Julia the Elder was portrayed (poorly, mind you) in sexual congress on Roman graffiti. Marie Antoinette was accused of a number of debauched sexual acts she didn’t fully comprehend. Marie Antoinette actually had an uninteresting sex life. It was accusations of The German Vice (id est lesbianism) that were the most believable and quickened her path to the guillotine.

The movie, The Contender (2000) addresses the issue with happenstance evidence. A woman politician was caught on video inflagrante delicto at a frat party in her college years just as she was about to be appointed as a replacement Vice President.

Law enforcement still regards sexts between underage teens as child porn, and our legal system will gladly incarcerate those teens for the crime of expressing their intimacy to their lovers. (Maine, I believe, is the sole exception, having finally passed laws to let teens use picture messaging to court each other.) So when it comes to the intersection of human sexuality and technology, so far we suck at navigating it.

To be fair, when it comes to human sexuality at all, US society sucks at navigating it. We still don’t discuss consent in grade school. I can’t speak for anywhere else in the world, though I’ve not heard much good news.

The conversation about revenge porn (which has been made illegal without the consent of all participants in the US) appears to inform how society regards explicit content of private citizens. I can’t speak to paparazzi content. Law hasn’t quite caught up with Photoshop, let alone deepfakes and content made with generative AI systems.

But my point was, public life, whether in media, political, athletic or otherwise, is competitive and involves rivalries that get dirty. Again, if we, as a species actually had the capacity for reason, we would be able to choose our cause célèbre with rationality, and not judge someone because some teenager prompted a genAI platform to create a convincing scandalous video.

I think we should be above that, as a society, but we aren’t. My point was that I don’t fully understand the mechanism by which our society holds contempt for others due to circumstances outside their control, a social behavior I find more abhorrent than using tech to create a fictional image of someone in the buff for private use.

Sadly, fictitious explicit media can be as effective as a character assassination tool as the real thing. I think it should be otherwise. I think we should be better than that, but we’re not. I am, consequently frustrated and disappointed with my society and my species. And while I think we’re going to need to be more mature about it, I’ve opined this since high school in the 1980s and things have only gotten worse.

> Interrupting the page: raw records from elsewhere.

(* Let $\mathbf{a}$ be a CSCA and $n\in\mathbb{N}$. Then $\mathbf{a}$ possesses gliders with eigenvalues $u^n$ and $u^{-n}$ (i.e. there exist non-zero $\xi,\eta\in\mathcal{P}^2$ with $\mathbf{a}\xi=u^n\xi$ and $\mathbf{a}\eta=u^{-n}\eta$) if and only if $\mathrm{tr}\,\mathbf{a}=u^{-n}+u^n$.
   Context: $\mathcal{P}$ denotes the ring of Laurent polynomials in $u$ over $\mathbb{Z}_2$; $\mathcal{R}$ is the subring of palindromes ($p(u^{-1})=p(u)$). A CSCA (centered symplectic cellular automaton) is a $2\times2$ matrix with entries in $\mathcal{R}$ and determinant $1$, acting on $\mathcal{P}^2$ by matrix multiplication. *)

theory Defs
  imports "HOL-Analysis.Analysis" "HOL-Library.Poly_Mapping" "HOL-Library.Z2"
begin

text \<open>Laurent polynomials in u over Z_2: finitely supported maps int => Z_2
  with convolution product (the group ring Z_2[Z]).\<close>
type_synonym laurent = "int \<Rightarrow>\<^sub>0 bit"

definition u :: laurent where "u = Poly_Mapping.single 1 1"
definition u_inv :: laurent where "u_inv = Poly_Mapping.single (-1) 1"

definition palindrome :: "laurent \<Rightarrow> bool" where
  "palindrome p \<longleftrightarrow> (\<forall>k. Poly_Mapping.lookup p (-k) = Poly_Mapping.lookup p k)"

definition CSCA :: "laurent^2^2 \<Rightarrow> bool" where
  "CSCA A \<longleftrightarrow> (\<forall>i j. palindrome (A $ i $ j)) \<and> det A = 1"

end

theory Submission
  imports Defs
begin

(* For a 2x2 matrix over a domain, l is an eigenvalue exactly when
   det (A - l I) = l^2 - (tr A) l + det A vanishes; a nonzero solution of
   B x = 0 for det B = 0 can be read off from a nonzero row of B (or B = 0).
   If det A = 1 and l is a unit with inverse m, this characteristic value is
   l (l + m - tr A). So u^n is an eigenvalue iff tr A = u^n + u^-n, a condition
   symmetric in u^n and u^-n: either eigenvalue forces the trace condition,
   and the trace condition yields both. *)

lemma det2_minus_mat:
  fixes A :: "'a::comm_ring_1^2^2"
  shows "det (A - mat l) = l * l - trace A * l + det A"
  by (simp add: det_2 trace_def sum_2 mat_def algebra_simps)

lemma matrix_vector_mult_mat: "mat l *v x = l *s (x :: 'a::semiring_1^'n)"
  by (simp add: vec_eq_iff matrix_vector_mult_def mat_def if_distrib if_distribR
      cong del: if_weak_cong)

lemma eigenvector_iff_kernel:
  fixes A :: "'a::comm_ring_1^'n^'n"
  shows "A *v x = l *s x \<longleftrightarrow> (A - mat l) *v x = 0"
  by (simp add: matrix_vector_mult_diff_rdistrib matrix_vector_mult_mat)

lemma det2_scale_kernel:
  fixes B :: "'a::comm_ring_1^2^2"
  assumes "B *v x = 0"
  shows "det B *s x = 0"
proof -
  have r1: "B$1$1 * x$1 + B$1$2 * x$2 = 0" and r2: "B$2$1 * x$1 + B$2$2 * x$2 = 0"
    using assms by (auto simp: vec_eq_iff forall_2 matrix_vector_mult_def sum_2)
  \<comment> \<open>multiply the system by the adjugate of B\<close>
  have "det B * x$1 = B$2$2 * (B$1$1 * x$1 + B$1$2 * x$2) - B$1$2 * (B$2$1 * x$1 + B$2$2 * x$2)"
    and "det B * x$2 = B$1$1 * (B$2$1 * x$1 + B$2$2 * x$2) - B$2$1 * (B$1$1 * x$1 + B$1$2 * x$2)"
    by (simp_all add: det_2 algebra_simps)
  with r1 r2 show ?thesis by (simp add: vec_eq_iff forall_2)
qed

lemma det2_zero_imp_kernel:
  fixes B :: "'a::comm_ring_1^2^2"
  assumes "det B = 0"
  obtains x where "x \<noteq> 0" "B *v x = 0"
proof -
  have mv: "B *v x = vector [B$1$1 * x$1 + B$1$2 * x$2, B$2$1 * x$1 + B$2$2 * x$2]" for x
    by (simp add: vec_eq_iff forall_2 matrix_vector_mult_def sum_2)
  have det: "B$1$1 * B$2$2 = B$1$2 * B$2$1"
    using assms by (simp add: det_2)
  consider "B$1$1 \<noteq> 0 \<or> B$1$2 \<noteq> 0" | "B$2$1 \<noteq> 0 \<or> B$2$2 \<noteq> 0" | "B = 0"
    by (auto simp: vec_eq_iff forall_2)
  then show thesis
  proof cases
    case 1
    show thesis
      by (rule that[of "vector [B$1$2, - B$1$1]"])
        (use 1 det in \<open>auto simp: vec_eq_iff forall_2 mv algebra_simps\<close>)
  next
    case 2
    show thesis
      by (rule that[of "vector [B$2$2, - B$2$1]"])
        (use 2 det in \<open>auto simp: vec_eq_iff forall_2 mv algebra_simps\<close>)
  next
    case 3
    show thesis
      by (rule that[of "vector [1, 0]"]) (auto simp: 3 vec_eq_iff forall_2)
  qed
qed

lemma has_eigenvector2_iff:
  fixes A :: "'a::idom^2^2"
  shows "(\<exists>x. x \<noteq> 0 \<and> A *v x = l *s x) \<longleftrightarrow> det (A - mat l) = 0"
proof
  assume "\<exists>x. x \<noteq> 0 \<and> A *v x = l *s x"
  then obtain x where "x \<noteq> 0" "(A - mat l) *v x = 0"
    by (auto simp: eigenvector_iff_kernel)
  then show "det (A - mat l) = 0"
    using det2_scale_kernel by (fastforce simp: vec_eq_iff)
next
  assume "det (A - mat l) = 0"
  then show "\<exists>x. x \<noteq> 0 \<and> A *v x = l *s x"
    by (metis det2_zero_imp_kernel eigenvector_iff_kernel)
qed

lemma unimodular_det2_minus_unit:
  fixes A :: "'a::comm_ring_1^2^2"
  assumes "det A = 1" and "l * m = 1"
  shows "det (A - mat l) = 0 \<longleftrightarrow> trace A = l + m"
proof -
  have "det (A - mat l) = l * (l + m - trace A)"
    using assms by (simp add: det2_minus_mat algebra_simps)
  moreover have "l * y = 0 \<longleftrightarrow> y = 0" for y
    by (metis assms(2) mult.left_commute mult_1_right mult_zero_right mult.commute)
  ultimately show ?thesis by (metis right_minus_eq)
qed

lemma u_mult_u_inv: "u * u_inv = 1"
  by (simp add: u_def u_inv_def mult_single one_poly_mapping_def)

theorem mainTheorem3:
  fixes A :: "laurent^2^2" and n :: nat
  assumes "CSCA A"
  shows "((\<exists>\<xi>::laurent^2. \<xi> \<noteq> 0 \<and> A *v \<xi> = (u ^ n) *s \<xi>) \<and>
          (\<exists>\<eta>::laurent^2. \<eta> \<noteq> 0 \<and> A *v \<eta> = (u_inv ^ n) *s \<eta>))
         \<longleftrightarrow> trace A = u_inv ^ n + u ^ n"
proof -
  have det: "det A = 1" using assms by (simp add: CSCA_def)
  have inv: "u ^ n * u_inv ^ n = 1" "u_inv ^ n * u ^ n = 1"
    by (simp_all add: u_mult_u_inv mult.commute flip: power_mult_distrib)
  show ?thesis
    unfolding has_eigenvector2_iff unimodular_det2_minus_unit[OF det inv(1)]
      unimodular_det2_minus_unit[OF det inv(2)]
    by (auto simp: add.commute)
qed

end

At the same time, it’s like the FGC-9, the tech cannot be contained any than we can stop software piracy with DRM. Nor can we trust the community at large to use it responsibly. So yes, you can expect explicit media of colleagues to fly much the way accusations of child sexual assault flew in the 1990s (often without evidence in middle and upper management. It didn’t matter.) And we may navigate it pretty much the same way, with the same high rate of career casualties.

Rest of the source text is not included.